Viñoly's vision for the site includes a "landscape building" that emerges gracefully from the sloping hillside. The main building will be a low-rise, terraced structure that conforms to the topography of the surrounding landscape and preserves views of the nearby countryside.
One of the goals of the building's design is to maximize interaction between scientists. HHMI's design philosophy, which comes from years of developing laboratories at many major research institutions, is to create good, flexible laboratory workspace with an efficient floorplan that promotes interaction.
HHMI Planning Team Gerald Rubin, HHMI's vice president and director of planning for Janelia Farm, David Clayton, HHMI's vice president and chief scientific officer, and Robert H. McGhee, HHMI architect and senior facilities officer, have worked closely with the architect. Clayton joined the Institute in 1996 from Stanford University, where he was a professor of pathology and developmental biology and associate director of the Beckman Center for Molecular and Genetic Medicine. In 2000, Clayton assumed responsibility for long-term planning for the Institute's science program and led the early phases of planning for the Janelia Farm campus.

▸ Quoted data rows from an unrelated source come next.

(* Let $(X,d)$ be a $\delta$-hyperbolic geodesic metric space, $\delta\ge0$. Then for all $x,y\in X$ and $s,t\ge0$, the set $B(x,s)\cap B(y,t)$ has eccentricity at most $2\delta$; and if it is nonempty, there are $c\in X$, $r\ge 0$ with $d_H(B(x,s)\cap B(y,t),B(c,r))\le 2\delta$.
   Context: $B(x,r)=\{z\in X: d(x,z)\le r\}$ denotes the closed ball. A set $S\subseteq X$ has eccentricity at most $\delta$ if $S=\emptyset$ or there exist $R\ge 0$ and $c,c'\in X$ with $B(c,R)\subseteq S\subseteq B(c',R+\delta)$. $d_H$ is Hausdorff distance. A geodesic metric space is $\delta$-hyperbolic if for every geodesic triangle each side is contained in the $\delta$-neighbourhood of the union of the other two sides. *)

theory Defs
  imports "HOL-Analysis.Analysis"
begin

definition geodesic_segment_between :: "'a::metric_space set \<Rightarrow> 'a \<Rightarrow> 'a \<Rightarrow> bool" where
  "geodesic_segment_between G x y \<longleftrightarrow>
     (\<exists>g :: real \<Rightarrow> 'a. g 0 = x \<and> g (dist x y) = y \<and>
        (\<forall>s\<in>{0..dist x y}. \<forall>t\<in>{0..dist x y}. dist (g s) (g t) = \<bar>s - t\<bar>) \<and>
        G = g ` {0..dist x y})"

definition geodesic_space :: "'a::metric_space itself \<Rightarrow> bool" where
  "geodesic_space _ \<longleftrightarrow> (\<forall>x y::'a. \<exists>G. geodesic_segment_between G x y)"

definition delta_hyperbolic :: "'a::metric_space itself \<Rightarrow> real \<Rightarrow> bool" where
  "delta_hyperbolic _ \<delta> \<longleftrightarrow>
     (\<forall>(x::'a) y z Gxy Gyz Gxz.
        geodesic_segment_between Gxy x y \<and> geodesic_segment_between Gyz y z \<and>
        geodesic_segment_between Gxz x z \<longrightarrow>
        (\<forall>p\<in>Gxy. \<exists>q\<in>Gyz \<union> Gxz. dist p q \<le> \<delta>) \<and>
        (\<forall>p\<in>Gyz. \<exists>q\<in>Gxy \<union> Gxz. dist p q \<le> \<delta>) \<and>
        (\<forall>p\<in>Gxz. \<exists>q\<in>Gxy \<union> Gyz. dist p q \<le> \<delta>))"

definition eccentricity_le :: "'a::metric_space set \<Rightarrow> real \<Rightarrow> bool" where
  "eccentricity_le S \<delta> \<longleftrightarrow>
     S = {} \<or> (\<exists>R c c'. R \<ge> 0 \<and> cball c R \<subseteq> S \<and> S \<subseteq> cball c' (R + \<delta>))"

text \<open>Hausdorff distance (used for nonempty bounded sets).\<close>
definition hausdorff_dist :: "'a::metric_space set \<Rightarrow> 'a set \<Rightarrow> real" where
  "hausdorff_dist A B = max (SUP a\<in>A. infdist a B) (SUP b\<in>B. infdist b A)"

end

theory Submission
  imports Defs
begin

text \<open>
  If the balls are nested, their intersection is the smaller ball. Otherwise
  \<open>|s - t| \<le> d(x,y) \<le> s + t\<close>, and the point \<open>c\<close> of a geodesic from \<open>x\<close> to \<open>y\<close>
  with \<open>d(x,c) = s - R\<close>, \<open>d(c,y) = t - R\<close>, where \<open>R = (s + t - d(x,y))/2\<close>, is the
  centre: \<open>B(c,R)\<close> lies in both balls by the triangle inequality, and thinness
  of the triangle \<open>x y z\<close> at \<open>c\<close> gives \<open>d(c,z) \<le> R + 2\<delta>\<close> for every point \<open>z\<close>
  of the intersection. In a geodesic space, \<open>B(c,R) \<subseteq> S \<subseteq> B(c,R + 2\<delta>)\<close>
  forces the Hausdorff distance from \<open>S\<close> to \<open>B(c,R)\<close> to be at most \<open>2\<delta>\<close>.
\<close>

lemma cball_subset_cball_dist:
  fixes x y :: "'a::metric_space"
  assumes "dist x y + r \<le> s"
  shows "cball y r \<subseteq> cball x s"
proof
  fix z
  assume "z \<in> cball y r"
  then show "z \<in> cball x s"
    using assms dist_triangle[of x z y] by (simp add: mem_cball)
qed

lemma geodesic_segment_between_dist_sum:
  assumes "geodesic_segment_between G x y" "q \<in> G"
  shows "dist x q + dist q y = dist x y"
proof -
  obtain g where g: "g 0 = x" "g (dist x y) = y"
    "\<forall>s\<in>{0..dist x y}. \<forall>t\<in>{0..dist x y}. dist (g s) (g t) = \<bar>s - t\<bar>"
    "G = g ` {0..dist x y}"
    using assms(1) unfolding geodesic_segment_between_def by blast
  then obtain u where u: "u \<in> {0..dist x y}" "q = g u"
    using assms(2) by blast
  have "dist x q = u"
    using g(1) g(3)[rule_format, of 0 u] u by auto
  moreover have "dist q y = dist x y - u"
    using g(2) g(3)[rule_format, of u "dist x y"] u by auto
  ultimately show ?thesis
    by simp
qed

lemma geodesic_segment_between_point_at_dist:
  assumes "geodesic_segment_between G x y" "0 \<le> a" "a \<le> dist x y"
  obtains p where "p \<in> G" "dist x p = a" "dist p y = dist x y - a"
proof -
  obtain g where g: "g 0 = x" "g (dist x y) = y"
    "\<forall>s\<in>{0..dist x y}. \<forall>t\<in>{0..dist x y}. dist (g s) (g t) = \<bar>s - t\<bar>"
    "G = g ` {0..dist x y}"
    using assms(1) unfolding geodesic_segment_between_def by blast
  have "g a \<in> G"
    using g(4) assms(2,3) by auto
  moreover have "dist x (g a) = a"
    using g(1) g(3)[rule_format, of 0 a] assms(2,3) by auto
  moreover have "dist (g a) y = dist x y - a"
    using g(2) g(3)[rule_format, of a "dist x y"] assms(2,3) by auto
  ultimately show ?thesis
    using that by blast
qed

lemma geodesic_space_segment:
  assumes "geodesic_space TYPE('a::metric_space)"
  obtains G where "geodesic_segment_between G (x::'a) y"
  using assms unfolding geodesic_space_def by blast

lemma infdist_cball_le_geodesic:
  fixes c z :: "'a::metric_space"
  assumes "geodesic_space TYPE('a)" "R \<ge> 0"
  shows "infdist z (cball c R) \<le> max 0 (dist c z - R)"
proof (cases "dist c z \<le> R")
  case True
  then show ?thesis
    by simp
next
  case False
  obtain G where "geodesic_segment_between G c z"
    using assms(1) by (rule geodesic_space_segment)
  then obtain p where p: "dist c p = R" "dist p z = dist c z - R"
    using False assms(2) by (elim geodesic_segment_between_point_at_dist) auto
  then have "infdist z (cball c R) \<le> dist z p"
    by (intro infdist_le) simp
  then show ?thesis
    using p(2) by (simp add: dist_commute)
qed

lemma hausdorff_dist_cball_le:
  fixes S :: "'a::metric_space set"
  assumes "geodesic_space TYPE('a)" "R \<ge> 0" "e \<ge> 0"
    and inner: "cball c R \<subseteq> S" and outer: "S \<subseteq> cball c (R + e)"
  shows "hausdorff_dist S (cball c R) \<le> e"
proof -
  have "S \<noteq> {}"
    using inner assms(2) by (metis centre_in_cball empty_iff subsetD)
  moreover have "infdist z (cball c R) \<le> e" if "z \<in> S" for z
    using infdist_cball_le_geodesic[OF assms(1,2), of z c] outer that assms(3)
    by (auto simp: mem_cball)
  ultimately have "(SUP z\<in>S. infdist z (cball c R)) \<le> e"
    by (rule cSUP_least)
  moreover have "(SUP b\<in>cball c R. infdist b S) \<le> e"
    using assms(2,3) inner by (intro cSUP_least) auto
  ultimately show ?thesis
    unfolding hausdorff_dist_def by simp
qed

lemma dist_le_via_point_near_geodesic:
  assumes "geodesic_segment_between G x z" "q \<in> G" "dist c q \<le> \<delta>"
  shows "dist c z \<le> dist x z - dist x c + 2 * \<delta>"
proof -
  have "dist x q + dist q z = dist x z"
    using assms(1,2) by (rule geodesic_segment_between_dist_sum)
  moreover have "dist x c \<le> dist x q + dist q c" "dist c z \<le> dist c q + dist q z"
    by (rule dist_triangle)+
  ultimately show ?thesis
    using assms(3) by (simp add: dist_commute)
qed

lemma delta_hyperbolic_dist_from_geodesic_le:
  fixes x y z :: "'a::metric_space"
  assumes "geodesic_space TYPE('a)" "delta_hyperbolic TYPE('a) \<delta>"
    and G: "geodesic_segment_between G x y" and "c \<in> G"
  shows "dist c z \<le> max (dist x z - dist x c) (dist y z - dist y c) + 2 * \<delta>"
proof -
  obtain Gxz Gyz where Gxz: "geodesic_segment_between Gxz x z"
    and Gyz: "geodesic_segment_between Gyz y z"
    using assms(1) by (meson geodesic_space_segment)
  then obtain q where q: "q \<in> Gyz \<union> Gxz" "dist c q \<le> \<delta>"
    using assms(2) G \<open>c \<in> G\<close> unfolding delta_hyperbolic_def by blast
  then consider "q \<in> Gxz" | "q \<in> Gyz"
    by blast
  then show ?thesis
  proof cases
    case 1
    then show ?thesis
      using dist_le_via_point_near_geodesic[OF Gxz 1 q(2)] by linarith
  next
    case 2
    then show ?thesis
      using dist_le_via_point_near_geodesic[OF Gyz 2 q(2)] by linarith
  qed
qed

lemma cball_inter_cball_between_cballs:
  fixes x y :: "'a::metric_space"
  assumes geo: "geodesic_space TYPE('a)" and hyp: "delta_hyperbolic TYPE('a) \<delta>"
    and "\<delta> \<ge> 0" "s \<ge> 0" "t \<ge> 0" and nonempty: "cball x s \<inter> cball y t \<noteq> {}"
  obtains c R where "R \<ge> 0" "cball c R \<subseteq> cball x s \<inter> cball y t"
    "cball x s \<inter> cball y t \<subseteq> cball c (R + 2 * \<delta>)"
proof -
  let ?S = "cball x s \<inter> cball y t"
  define D where "D = dist x y"
  obtain w where "w \<in> ?S"
    using nonempty by blast
  then have "D \<le> s + t"
    using dist_triangle[of x y w] unfolding D_def by (simp add: dist_commute)
  consider "D + t \<le> s" | "D + s \<le> t" | "s \<le> D + t" "t \<le> D + s"
    by linarith
  then show ?thesis
  proof cases
    case 1
    then have "?S = cball y t"
      using cball_subset_cball_dist[of x y t s] unfolding D_def by auto
    then show ?thesis
      using that[of t y] \<open>t \<ge> 0\<close> \<open>\<delta> \<ge> 0\<close> by (simp add: subset_cball)
  next
    case 2
    then have "?S = cball x s"
      using cball_subset_cball_dist[of y x s t] unfolding D_def by (auto simp: dist_commute)
    then show ?thesis
      using that[of s x] \<open>s \<ge> 0\<close> \<open>\<delta> \<ge> 0\<close> by (simp add: subset_cball)
  next
    case 3
    define R where "R = (s + t - D) / 2"
    obtain G where G: "geodesic_segment_between G x y"
      using geo by (rule geodesic_space_segment)
    have "0 \<le> s - R" "s - R \<le> dist x y"
      using 3 \<open>D \<le> s + t\<close> unfolding R_def D_def by (simp_all add: field_simps)
    then obtain c where "c \<in> G" "dist x c = s - R" "dist c y = dist x y - (s - R)"
      by (rule geodesic_segment_between_point_at_dist[OF G])
    then have c: "c \<in> G" "dist x c = s - R" "dist c y = t - R"
      by (simp_all add: R_def D_def field_simps)
    have "R \<ge> 0"
      using \<open>D \<le> s + t\<close> by (simp add: R_def)
    moreover have "cball c R \<subseteq> ?S"
      using cball_subset_cball_dist[of x c R s] cball_subset_cball_dist[of y c R t] c
      by (simp add: dist_commute)
    moreover have "?S \<subseteq> cball c (R + 2 * \<delta>)"
    proof
      fix z
      assume "z \<in> ?S"
      then show "z \<in> cball c (R + 2 * \<delta>)"
        using delta_hyperbolic_dist_from_geodesic_le[OF geo hyp G c(1), of z] c
        by (simp add: dist_commute max_def split: if_splits)
    qed
    ultimately show ?thesis
      by (rule that)
  qed
qed

theorem proposition3p2:
  fixes \<delta> :: real
  assumes "geodesic_space TYPE('a::metric_space)"
    and "delta_hyperbolic TYPE('a) \<delta>"
    and "\<delta> \<ge> 0"
  shows "\<forall>(x::'a) y s t. s \<ge> 0 \<and> t \<ge> 0 \<longrightarrow>
           eccentricity_le (cball x s \<inter> cball y t) (2 * \<delta>) \<and>
           (cball x s \<inter> cball y t \<noteq> {} \<longrightarrow>
              (\<exists>c r. r \<ge> 0 \<and> hausdorff_dist (cball x s \<inter> cball y t) (cball c r) \<le> 2 * \<delta>))"
proof (intro allI impI)
  fix x y :: 'a and s t :: real
  assume "s \<ge> 0 \<and> t \<ge> 0"
  let ?S = "cball x s \<inter> cball y t"
  show "eccentricity_le ?S (2 * \<delta>) \<and>
    (?S \<noteq> {} \<longrightarrow> (\<exists>c r. r \<ge> 0 \<and> hausdorff_dist ?S (cball c r) \<le> 2 * \<delta>))"
  proof (cases "?S = {}")
    case True
    then show ?thesis
      unfolding eccentricity_le_def by simp
  next
    case False
    obtain c R where R: "R \<ge> 0" "cball c R \<subseteq> ?S" "?S \<subseteq> cball c (R + 2 * \<delta>)"
      using cball_inter_cball_between_cballs assms \<open>s \<ge> 0 \<and> t \<ge> 0\<close> False by metis
    then have "hausdorff_dist ?S (cball c R) \<le> 2 * \<delta>"
      using assms(1,3) by (intro hausdorff_dist_cball_le) simp_all
    then show ?thesis
      using R unfolding eccentricity_le_def by blast
  qed
qed

end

Rubin, who was named an HHMI investigator at the University of California, Berkeley in 1987, is the internationally recognized scientist who led the effort to sequence the entire genome of the fruit fly, Drosophila, and has been active in determining the functions of fruit fly genes having homology to human genes. He currently directs planning for the Janelia Farm campus.
McGhee, a planner of biomedical labs since 1971, has overseen or advised on hundreds of lab renovations and construction projects, including those at the Beckman Center at Stanford University, the Bass Building at Yale University, the Eccles Center for Human Genetics at the University of Utah, and at the Mission Bay Campus of the University of California, San Francisco.

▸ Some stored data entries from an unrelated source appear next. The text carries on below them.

lemma profile_entry_le_mass:
  assumes "is_profile n mu s" "R \<in> types n" "j \<in> {1..n}"
  shows "s R j \<le> mu R"
proof -
  have "s R j \<le> (\<Sum>i\<in>{1..n}. s R i)"
    using assms by (intro member_le_sum) (auto simp: is_profile_def)
  also have "\<dots> = mu R" using assms by (simp add: is_profile_def)
  finally show ?thesis .
qed

lemma profile_has_positive_entry:
  assumes "is_profile n mu s" "R \<in> types n" "mu R > 0"
  shows "\<exists>k. k \<in> {1..n} \<and> s R k > 0"
proof (rule ccontr)
  assume "\<not> ?thesis"
  then have "(\<Sum>i\<in>{1..n}. s R i) \<le> 0" by (intro sum_nonpos) auto
  with assms show False by (simp add: is_profile_def)
qed

text \<open>In an equilibrium, the equilibrium cost of a type of positive mass is the
  cost of a resource it uses, hence at most the cost of any resource it may use.\<close>
lemma eq_cost_le_cost:
  assumes ne: "is_NE n f mu s" and R: "R \<in> types n" "mu R > 0" and kR: "k \<in> R"
  shows "eq_cost n f s R \<le> cost n f s k"
proof -
  have prof: "is_profile n mu s" using ne by (simp add: is_NE_def)
  define k0 where "k0 = (SOME k. k \<in> {1..n} \<and> s R k > 0)"
  have k0: "k0 \<in> {1..n} \<and> s R k0 > 0"
    unfolding k0_def by (rule someI_ex[OF profile_has_positive_entry[OF prof R]])
  have "eq_cost n f s R = cost n f s k0" unfolding eq_cost_def k0_def ..
  also have "\<dots> \<le> cost n f s k" using ne R(1) kR k0 by (simp add: is_NE_def)
  finally show ?thesis .
qed


subsection \<open>Every Nash equilibrium is strong\<close>

definition improving_deviation ::
    "nat \<Rightarrow> (nat \<Rightarrow> real \<Rightarrow> real) \<Rightarrow> (nat set \<Rightarrow> nat \<Rightarrow> real) \<Rightarrow> (nat set \<Rightarrow> nat \<Rightarrow> real) \<Rightarrow> bool" where
  "improving_deviation n f s s' \<longleftrightarrow>
     (\<forall>R\<in>types n. \<forall>k\<in>{1..n}. s' R k > s R k \<longrightarrow> cost n f s' k < eq_cost n f s R)"
lemma dsum_matrix_expand:
  "k \<in> J \<Longrightarrow> m \<in> carrier (dsum M J) \<Longrightarrow> e m k = finsum (M k) (\<lambda>l. dsum_matrix M J e k l (m l)) J"
  unfolding dsum_matrix_def by (rule lhom_dsum_expand[OF R M J M lhom_dsum_coordinate])

lemma idempotent_dsum_matrix:
  assumes idem: "\<And>m. m \<in> carrier (dsum M J) \<Longrightarrow> e (e m) = e m"
  shows "idempotent_matrix R M J (dsum_matrix M J e)"
  unfolding idempotent_matrix_def
proof (intro conjI ballI lhom_dsum_matrix)
  fix k j x assume k: "k \<in> J" and j: "j \<in> J" and x: "x \<in> carrier (M j)"
  have inj: "inj_dsum M J j x \<in> carrier (dsum M J)"
    by (rule lhom_closed[OF lhom_inj_dsum[where M = M, OF M j] x])
  have "dsum_matrix M J e k j x = e (e (inj_dsum M J j x)) k"
    unfolding dsum_matrix_def using idem[OF inj] by simp
  also have "\<dots> = finsum (M k) (\<lambda>l. dsum_matrix M J e k l (dsum_matrix M J e l j x)) J"
    using dsum_matrix_expand[OF k lhom_closed[OF e inj]] unfolding dsum_matrix_def by simp
  finally show "finsum (M k) (\<lambda>l. dsum_matrix M J e k l (dsum_matrix M J e l j x)) J = dsum_matrix M J e k j x"
    by (rule sym)
qed

lemma eq_zero_if_dsum_matrix_eq_zero:
  assumes zero: "\<And>k j x. k \<in> J \<Longrightarrow> j \<in> J \<Longrightarrow> x \<in> carrier (M j) \<Longrightarrow> dsum_matrix M J e k j x = \<zero>\<^bsub>M k\<^esub>"
    and m: "m \<in> carrier (dsum M J)"
  shows "e m = \<zero>\<^bsub>dsum M J\<^esub>"
proof (rule dsum_eqI)
  interpret N: abelian_group "dsum M J" using lmodule_dsum[OF R M] by (rule lmodule_abelian_group)
  show "e m \<in> carrier (dsum M J)" using lhom_closed[OF e m] .
  show "\<zero>\<^bsub>dsum M J\<^esub> \<in> carrier (dsum M J)" by (rule N.zero_closed)
  fix k assume k: "k \<in> J"
  have "e m k = finsum (M k) (\<lambda>l. dsum_matrix M J e k l (m l)) J" by (rule dsum_matrix_expand[OF k m])
  also have "\<dots> = \<zero>\<^bsub>M k\<^esub>"
    using zero[OF k] m by (intro lmodule_finsum_zero[OF M[OF k]]) (simp add: dsum_carrier)
  finally show "e m k = \<zero>\<^bsub>dsum M J\<^esub> k" using k by (simp add: dsum_zero)
qed

end
lemma symmetric_interval_iff_div:
  fixes A Q x :: int
  assumes A: "0 < A"
  shows "-(2*A*Q) < x \<and> x \<le> 2*A*Q \<longleftrightarrow> -Q \<le> (x - 1) div (2*A) \<and> (x - 1) div (2*A) < Q"
proof -
  define q where "q = (x - 1) div (2*A)"
  have x: "2*A*q < x" "x \<le> 2*A*(q + 1)"
    using interval_odd_multiple_iff[OF A, of q x] by (auto simp: q_def algebra_simps)
  have "-(2*A*Q) < x \<longleftrightarrow> -Q \<le> q"
  proof
    assume "-(2*A*Q) < x"
    then have "2*A*(-Q) < 2*A*(q + 1)" using x by simp
    then show "-Q \<le> q" using mult_less_cancel_left_pos[of "2*A" "-Q" "q + 1"] A by linarith
  next
    assume "-Q \<le> q"
    then have "2*A*(-Q) \<le> 2*A*q" using A by (intro mult_left_mono) auto
    then show "-(2*A*Q) < x" using x by simp
  qed
  moreover have "x \<le> 2*A*Q \<longleftrightarrow> q < Q"
  proof
    assume "x \<le> 2*A*Q"
    then have "2*A*q < 2*A*Q" using x by simp
    then show "q < Q" using mult_less_cancel_left_pos[of "2*A" q Q] A by linarith
  next
    assume "q < Q"
    then have "2*A*(q + 1) \<le> 2*A*Q" using A by (intro mult_left_mono) auto
    then show "x \<le> 2*A*Q" using x by simp
  qed
  ultimately show ?thesis by (simp add: q_def)
qed

text \<open>The level-j block of x is determined by the indices \<open>(x$i - 1) div 2^(j+1)\<close>, which
  number the half-open intervals \<open>(2^(j+1) t, 2^(j+1) (t+1)]\<close>; its centre \<open>2^j (2t+1)\<close> is the
  point of \<open>centres m j\<close> whose box contains x. At the top level m the block is the whole box.\<close>

definition dyadic_index :: "nat \<Rightarrow> int^'d \<Rightarrow> int^'d" where
  "dyadic_index j x = (\<chi> i. (x$i - 1) div (2 * 2^j))"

The Howard Hughes Medical Institute The Howard Hughes Medical Institute was established in 1953 by the aviator-industrialist. HHMI's principal mission is conducting basic biomedical research. Currently more than 300 HHMI investigators direct Institute research laboratories on the campuses of universities and other research organizations throughout the United States. HHMI provides freedom and flexibility for its investigators, who continue to push the bounds of knowledge in many of the hottest areas in biomedical research. The Institute also has a philanthropic grants program of approximately $90 million per year, which it devotes to science education and training, from elementary school through graduate and medical school. It also supports the work of biomedical researchers in many countries around the globe.
HHMI is one of the largest philanthropies in the world, with an endowment of more than $10 billion and a budget that is approximately $620 million in the current fiscal year. Its headquarters are located in Chevy Chase, Maryland, just outside Washington, D.C.